The synthesis. Large controlled and observational studies do not show population-level psychiatric harm in the groups studied. Pharmacovigilance can still capture uncommon or subgroup-specific reports that broad trials are less suited to characterize. Both findings can be true at the same time, and a 2026 review calls for dedicated prospective trials with prespecified psychiatric endpoints to clarify the psychiatric effects of GLP-1 receptor agonists (Sa et al., 2026).
How Does Semaglutide Affect the Brain’s Stress and Anxiety Circuits
Paraventricular nucleus (PVN).

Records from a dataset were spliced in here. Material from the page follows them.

text \<open>A null vector of the Vandermonde matrix is the coefficient vector of a polynomial of
  degree below K vanishing at the K distinct nodes.\<close>
lemma det_matB_nonzero:
  assumes inj: "inj_on R {..<K}"
  shows "det (matB K R) \<noteq> 0"
proof
  assume "det (matB K R) = 0"
  then obtain v where v: "v \<in> carrier_vec K" "v \<noteq> 0\<^sub>v K" "matB K R *\<^sub>v v = 0\<^sub>v K"
    using det_0_iff_vec_prod_zero_field[of "matB K R" K] by (auto simp: matB_def)
  define p where "p = (\<Sum>i<K. monom (v $ i) i)"
  have coeff_p: "coeff p i = (if i < K then v $ i else 0)" for i
    unfolding p_def coeff_sum coeff_monom by auto
  have "p \<noteq> 0"
  proof
    assume "p = 0"
    then have "v $ i = 0" if "i < K" for i
      using coeff_p[of i] that by simp
    then have "v = 0\<^sub>v K"
      using v(1) by (intro eq_vecI) auto
    with v(2) show False by simp
  qed
  have roots: "poly p (R k) = 0" if "k < K" for k
  proof -
    have "poly p (R k) = (\<Sum>i<K. v $ i * R k ^ i)"
      unfolding p_def poly_sum poly_monom by simp
    also have "\<dots> = (matB K R *\<^sub>v v) $ k"
      using v(1) that
      by (simp add: matB_def mult_mat_vec_def scalar_prod_def lessThan_atLeast0 mult.commute)
    finally show ?thesis using v(3) that by simp
  qed
  have "degree p \<le> K - 1"
    unfolding p_def by (rule degree_sum_le) (auto intro: order.trans[OF degree_monom_le])
  moreover have "K \<le> degree p"
  proof -
    have "K = card (R ` {..<K})" using card_image[OF inj] by simp
    also have "\<dots> \<le> card {x. poly p x = 0}"
      using roots \<open>p \<noteq> 0\<close> by (intro card_mono poly_roots_finite) auto
    also have "\<dots> \<le> degree p" by (rule card_poly_roots_bound) fact
    finally show ?thesis .
  qed
  ultimately have "K = 0" by simp
  then show False using v by auto
qed

definition lagrange_poly :: "nat \<Rightarrow> (nat \<Rightarrow> 'a::field) \<Rightarrow> (nat \<Rightarrow> 'a) \<Rightarrow> 'a poly" where
  "lagrange_poly K x y =
     (\<Sum>k<K. Polynomial.smult (y k / (\<Prod>j\<in>{..<K}-{k}. x k - x j)) (\<Prod>j\<in>{..<K}-{k}. [:- x j, 1:]))"

lemma poly_lagrange_poly:
  "poly (lagrange_poly K x y) t = (\<Sum>k<K. y k * (\<Prod>j\<in>{..<K}-{k}. (t - x j) / (x k - x j)))"
  by (simp add: lagrange_poly_def poly_sum poly_prod prod_dividef)

lemma poly_lagrange_poly_node:
  assumes "inj_on x {..<K}" and "m < K"
  shows "poly (lagrange_poly K x y) (x m) = y m"
proof -
  have "poly (lagrange_poly K x y) (x m) =
        (\<Sum>k\<in>{m}. y k * (\<Prod>j\<in>{..<K}-{k}. (x m - x j) / (x k - x j)))"
    unfolding poly_lagrange_poly by (rule sum.mono_neutral_right) (use assms in auto)
  moreover have "(\<Prod>j\<in>{..<K}-{m}. (x m - x j) / (x m - x j)) = 1"
    using assms by (intro prod.neutral) (auto simp: inj_on_def)
  ultimately show ?thesis by simp
qed

lemma degree_lagrange_poly:
  assumes "K > 0"
  shows "degree (lagrange_poly K x y) < K"
proof -
  have "degree (lagrange_poly K x y) \<le> K - 1"
    unfolding lagrange_poly_def
  proof (rule degree_sum_le)
    fix k assume k: "k \<in> {..<K}"
    have "degree (\<Prod>j\<in>{..<K}-{k}. [:- x j, 1:]) \<le> (\<Sum>j\<in>{..<K}-{k}. degree [:- x j, 1:])"
      using degree_prod_sum_le[of "{..<K}-{k}" "\<lambda>j. [:- x j, 1:]"] by (simp add: o_def)
    also have "\<dots> = K - 1" using k by simp
    finally show "degree (Polynomial.smult (y k / (\<Prod>j\<in>{..<K}-{k}. x k - x j))
                    (\<Prod>j\<in>{..<K}-{k}. [:- x j, 1:])) \<le> K - 1"
      using degree_smult_le order.trans by blast
  qed simp
  then show ?thesis using assms by simp
qed

text \<open>Right multiplication by this matrix shifts the columns of a matrix one place to the left
  and appends the column obtained by multiplying with x.\<close>
definition companion_mat :: "nat \<Rightarrow> (nat \<Rightarrow> 'a::comm_ring_1) \<Rightarrow> 'a mat" where
  "companion_mat K x = mat K K (\<lambda>(i, j). if j = K - 1 then x i else if i = j + 1 then 1 else 0)"

lemma det_companion_mat:
  assumes "K > 0"
  shows "det (companion_mat K x) = (-1) ^ (K - 1) * x 0"
proof -
  let ?M = "companion_mat K x"
  have M: "?M \<in> carrier_mat K K" by (simp add: companion_mat_def)
  have "det ?M = (\<Sum>j<K. ?M $$ (0, j) * cofactor ?M 0 j)"
    by (rule laplace_expansion_row[OF M]) (use assms in auto)
  also have "\<dots> = (\<Sum>j\<in>{K - 1}. ?M $$ (0, j) * cofactor ?M 0 j)"
    by (rule sum.mono_neutral_right) (use assms in \<open>auto simp: companion_mat_def\<close>)
  also have "mat_delete ?M 0 (K - 1) = 1\<^sub>m (K - 1)"
    by (rule eq_matI) (auto simp: mat_delete_def companion_mat_def)
  then have "(\<Sum>j\<in>{K - 1}. ?M $$ (0, j) * cofactor ?M 0 j) = x 0 * (-1) ^ (K - 1)"
    using assms by (simp add: cofactor_def companion_mat_def)
  finally show ?thesis by simp
qed

lemma matA_eq_matB_mult_companion_mat:
  assumes "degree P < K" and "\<And>k. k < K \<Longrightarrow> poly P (R k) = 2 powr R k"
  shows "matA K R = matB K R * companion_mat K (coeff P)"
proof (rule eq_matI)
  fix k j assume "k < dim_row (matB K R * companion_mat K (coeff P))"
    and "j < dim_col (matB K R * companion_mat K (coeff P))"
  then have k: "k < K" and j: "j < K" by (auto simp: matB_def companion_mat_def)
  have "(matB K R * companion_mat K (coeff P)) $$ (k, j) =
        (\<Sum>l<K. R k ^ l * companion_mat K (coeff P) $$ (l, j))"
    using k j by (simp add: matB_def companion_mat_def scalar_prod_def lessThan_atLeast0)
  also have "\<dots> = matA K R $$ (k, j)"
  proof (cases "j = K - 1")
    case True
    have "(\<Sum>l<K. R k ^ l * companion_mat K (coeff P) $$ (l, j)) = poly P (R k)"
      using True by (simp add: poly_eq_sum_lessThan[OF assms(1)] companion_mat_def mult.commute)
    then show ?thesis using True k assms(2) by (simp add: matA_def)
  next
    case False
    have "(\<Sum>l<K. R k ^ l * companion_mat K (coeff P) $$ (l, j)) = (\<Sum>l\<in>{j + 1}. R k ^ l)"
      using False j by (intro sum.mono_neutral_cong_right) (auto simp: companion_mat_def)
    then show ?thesis using False k j by (simp add: matA_def)
  qed
  finally show "matA K R $$ (k, j) = (matB K R * companion_mat K (coeff P)) $$ (k, j)" ..
qed (auto simp: matA_def matB_def companion_mat_def)

lemma det_matA_div_det_matB:
  assumes "K > 0" and inj: "inj_on R {..<K}"
  shows "det (matA K R) / det (matB K R) =
         (\<Sum>k<K. 2 powr R k * (\<Prod>j\<in>{..<K}-{k}. R j / (R k - R j)))"
proof -
  define P where "P = lagrange_poly K R (\<lambda>k. 2 powr R k)"
  have "matA K R = matB K R * companion_mat K (coeff P)"
    unfolding P_def using assms
    by (intro matA_eq_matB_mult_companion_mat degree_lagrange_poly poly_lagrange_poly_node)
  moreover have "matB K R \<in> carrier_mat K K" "companion_mat K (coeff P) \<in> carrier_mat K K"
    by (simp_all add: matB_def companion_mat_def)
  ultimately have "det (matA K R) = det (matB K R) * det (companion_mat K (coeff P))"
    by (simp add: det_mult)
  then have "det (matA K R) / det (matB K R) = det (companion_mat K (coeff P))"
    using det_matB_nonzero[OF inj] by simp
  also have "\<dots> = (-1) ^ (K - 1) * poly P 0"
    using assms(1) by (simp add: det_companion_mat poly_0_coeff_0)
  also have "\<dots> = (\<Sum>k<K. 2 powr R k * ((-1) ^ (K - 1) * (\<Prod>j\<in>{..<K}-{k}. - R j / (R k - R j))))"
    by (simp add: P_def poly_lagrange_poly sum_distrib_left mult_ac)
  also have "\<dots> = (\<Sum>k<K. 2 powr R k * (\<Prod>j\<in>{..<K}-{k}. R j / (R k - R j)))"
  proof (rule sum.cong)
    fix k assume "k \<in> {..<K}"
    then have "card ({..<K}-{k}) = K - 1" by simp
    then show "2 powr R k * ((-1) ^ (K - 1) * (\<Prod>j\<in>{..<K}-{k}. - R j / (R k - R j))) =
               2 powr R k * (\<Prod>j\<in>{..<K}-{k}. R j / (R k - R j))"
      by (simp add: prod_uminus flip: power_add mult.assoc)
  qed simp
  finally show ?thesis .
qed

section \<open>Vertical segments closed by half circles\<close>

lemma Re_in_path_image_part_circlepath:
  assumes "z \<in> path_image (part_circlepath w r s t)" and "s \<le> t"
  obtains x where "x \<in> {s..t}" and "Re z = Re w + r * cos x"
  using assms unfolding path_image_part_circlepath' closed_segment_eq_real_ivl by auto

The PVN helps coordinate the HPA axis: CRH signaling can trigger ACTH and cortisol release. GLP-1 receptors are expressed in stress-related brain regions, and animal work links central GLP-1 signaling to endocrine and anxiety responses. Winzeler et al. (2019) showed no 24-hour cortisol increase from approved-dose dulaglutide, so persistent cortisol elevation is unlikely to explain every GLP-1-related arousal report.
Locus coeruleus (LC). The LC is a major noradrenaline source involved in arousal, autonomic responses, and vigilance. In rat work, LC GLP-1 receptors contributed to food-intake suppression, nausea-like behavior, and autonomic effects. That makes LC signaling a plausible contributor to restlessness or panic-like arousal, but direct evidence in humans taking semaglutide is still limited.
Nucleus of the solitary tract (NTS) to amygdala. The NTS receives visceral input from the gut and is part of the central GLP-1 network. Animal work shows central GLP-1 signaling can affect anxiety-related responses through the amygdala. If nausea or gastrointestinal discomfort is present at bedtime, visceral input may contribute to anxiety-like arousal.
Dopamine and serotonin modulation. GLP-1 receptors are expressed in brain regions involved in reward and mood. A 2026 review found preliminary evidence for modest antidepressant effects and potential psychiatric benefits in some contexts, while also noting inconsistent evidence and underrepresentation of people with psychiatric comorbidities (Sa et al., 2026).
Why nighttime is different. During waking hours, external activity competes with internal sensations. At bedtime, reduced external input can make arousal, nausea, palpitations, or glucose-related sensations more noticeable.
Nighttime anxiety on GLP-1 drugs can stem from orexin-related arousal, lower overnight fuel availability, autonomic activation, nausea-related visceral input, or stress-circuit signaling. These pathways can also overlap with hormonal, circadian, and metabolic causes of nighttime waking that exist independently of the drug. Naming the likely contributors is the first step toward a more specific response.
Find out which causes might be driving your nighttime anxiety →
Does Semaglutide Cause Panic Attacks or Just General Anxiety
The distinction between pharmacological arousal and panic disorder matters. If the timing tracks closely with dose escalation, appetite suppression, nausea, or overnight glucose instability, a drug-related arousal pattern becomes more plausible. Panic disorder, by contrast, is recurrent and often accompanied by avoidance behavior.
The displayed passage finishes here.